JERUSALEM (Reuters) - California-based electric car operator Better Place unveiled plans on Thursday to build a charging system for electric vehicles in Jerusalem, in addition to a network it has installed in the Israeli city of Tel Aviv.
About 100 charging stations will be placed on Jerusalem streets by 2011, when Israel plans to have electric cars available for mass consumption, Shai Agassi, CEO of Better Place, said. Twenty of the stations have already been placed.
At a ceremony where he signed the agreement with Israeli officials, Agassi said a transition to greener means of transportation could make for cleaner air, and called Israel “a leader in the road to sustainable mobility.”

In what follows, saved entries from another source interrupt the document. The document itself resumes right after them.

(* Let $k \in \mathbb{N}$, let $G_1, \ldots, G_k$ be ordered graphs, and let $G = G_1 + \ldots + G_k$. Suppose that for each $i \in [k]$ there is an integer $m(i)$ such that $G_i$ has at least two distinct irreducible induced ordered subgraphs on $m(i)$ vertices. Then $S_n(G) \geqslant 2^{n-1}$ for each $n \leqslant k$.
   Context: Ordered graphs of order $n$ have vertex set $[n]$ with the natural order; distinct means non-isomorphic as ordered graphs. A pair of vertices $u<v$ separates the edges of $G$ if every edge $ij$ ($i<j$) has $j\leqslant u$ or $v\leqslant i$; $G$ is irreducible if no pair separates its edges. For ordered graphs $G_1,\dots,G_k$, $G_1+\dots+G_k$ is the ordered graph obtained by placing copies of $G_1,\dots,G_k$ consecutively from left to right with no edges between different copies. $S_n(G)$ is the number of distinct induced ordered subgraphs of $G$ of order $n$. *)

theory Defs
  imports Complex_Main
begin

text \<open>An ordered graph of order n on vertex set {1..n} with the natural order is
  represented by the pair (n, E), where E is a set of pairs (i,j) with 1 <= i < j <= n
  (edge ij with i<j). Two ordered graphs are isomorphic as ordered graphs iff they are
  equal in this representation (the only order-preserving bijection is the identity).\<close>

type_synonym ograph = "nat \<times> (nat \<times> nat) set"

definition ord_graph :: "ograph \<Rightarrow> bool" where
  "ord_graph G \<longleftrightarrow> snd G \<subseteq> {(i, j). 1 \<le> i \<and> i < j \<and> j \<le> fst G}"
lemma unitary2_det_form:
  assumes "unitary2 a b c d"
  defines "\<Delta> \<equiv> a * d - b * c"
  shows "d = \<Delta> * cnj a" and "c = - \<Delta> * cnj b"
    and "(cmod a)\<^sup>2 + (cmod b)\<^sup>2 = 1" and "cmod \<Delta> = 1"
proof -
  have col1: "cnj a * a + cnj c * c = 1" and col2: "cnj b * b + cnj d * d = 1"
    and orth: "cnj a * b + cnj c * d = 0"
    using assms(1) by (auto simp: unitary2_def)
  have orth': "a * cnj b + c * cnj d = 0" using arg_cong[OF orth, of cnj] by simp
  show d: "d = \<Delta> * cnj a" unfolding \<Delta>_def using col1 orth by algebra
  show c: "c = - \<Delta> * cnj b" unfolding \<Delta>_def using col2 orth' by algebra
  have "\<Delta> \<noteq> 0"
  proof
    assume "\<Delta> = 0"
    then have "c = 0" "d = 0" using c d by simp_all
    then have "a \<noteq> 0" "b \<noteq> 0" "cnj a * b = 0" using col1 col2 orth by auto
    then show False by simp
  qed
  moreover have "\<Delta> = \<Delta> * (a * cnj a + b * cnj b)"
  proof -
    have "a * d - b * c = \<Delta> * (a * cnj a + b * cnj b)"
      by (subst c, subst d) (simp add: algebra_simps)
    then show ?thesis by (simp only: \<Delta>_def)
  qed
  ultimately have "a * cnj a + b * cnj b = 1" by simp
  then show row: "(cmod a)\<^sup>2 + (cmod b)\<^sup>2 = 1"
    by (intro norm_sq_sum_eq_1) (simp add: mult.commute)
  have "(cmod a)\<^sup>2 + (cmod c)\<^sup>2 = 1" "(cmod b)\<^sup>2 + (cmod d)\<^sup>2 = 1"
    using col1 col2 by (simp_all add: norm_sq_sum_eq_1)
  then have "(1 + (cmod \<Delta>)\<^sup>2) * ((cmod a)\<^sup>2 + (cmod b)\<^sup>2) = 2"
    using c d by (simp add: norm_mult power_mult_distrib algebra_simps)
  then have "(cmod \<Delta>)\<^sup>2 = 1\<^sup>2" using row by simp
  then show "cmod \<Delta> = 1" by (rule power2_eq_imp_eq) auto
qed

fun zeta' :: "nat \<Rightarrow> 'a::comm_ring_1 \<Rightarrow> 'a" where
  "zeta' 0 t = 0"
| "zeta' (Suc 0) t = 1"
| "zeta' (Suc (Suc n)) t = 2 * t * zeta' (Suc n) t - zeta' n t"

lemma chebU_eq_zeta': "chebU n t = zeta' (Suc n) t"
proof -
  have "chebU n t = zeta' (Suc n) t \<and> chebU (Suc n) t = zeta' (Suc (Suc n)) t"
    by (induction n) auto
  then show ?thesis ..
qed

lemma zetap_eq_zeta': "zetap n t = zeta' n t"
  by (cases n) (simp_all add: zetap_def chebU_eq_zeta')

lemma zeta'_of_real: "zeta' n (of_real t) = (of_real (zeta' n t) :: 'a::{real_algebra_1, comm_ring_1})"
  by (induction n t rule: zeta'.induct) simp_all

lemma continuous_on_zeta' [continuous_intros]:
  fixes f :: "_ \<Rightarrow> 'a::{real_normed_algebra_1, comm_ring_1}"
  assumes "continuous_on S f"
  shows "continuous_on S (\<lambda>x. zeta' n (f x))"
proof -
  have "continuous_on S (\<lambda>x. zeta' n (f x)) \<and> continuous_on S (\<lambda>x. zeta' (Suc n) (f x))"
    by (induction n) (auto intro!: continuous_intros assms)
  then show ?thesis ..
qed

lemma zeta'_cassini:
  "(zeta' (Suc n) t)\<^sup>2 - 2 * t * zeta' (Suc n) t * zeta' n t + (zeta' n t)\<^sup>2 = 1"
  by (induction n) (simp_all add: algebra_simps power2_eq_square)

Electric car batteries used in Israel will have a range of 160-200 km (100-125 miles), sufficient to cover the distances among most of the small country’s main urban centers. They would take 3-4 hours to charge, Better Place said in a statement.
Israel regards Jerusalem as its indivisible capital, including the eastern sector it captured in a 1967 war and annexed in a move not recognized internationally. Palestinians want the city as capital of a future state.
Better Place, a $200-million venture-backed company, is in an early stage, testing charge spots in Israel with plans to follow in Denmark, and is working with Renault and Nissan to develop electric car infrastructure.
The firm has also announced partnerships with Australia, California and Hawaii, worth about $2 billion in total, to expand its network in the coming years as markets search for alternatives to cut carbon emissions and pricey fuel imports.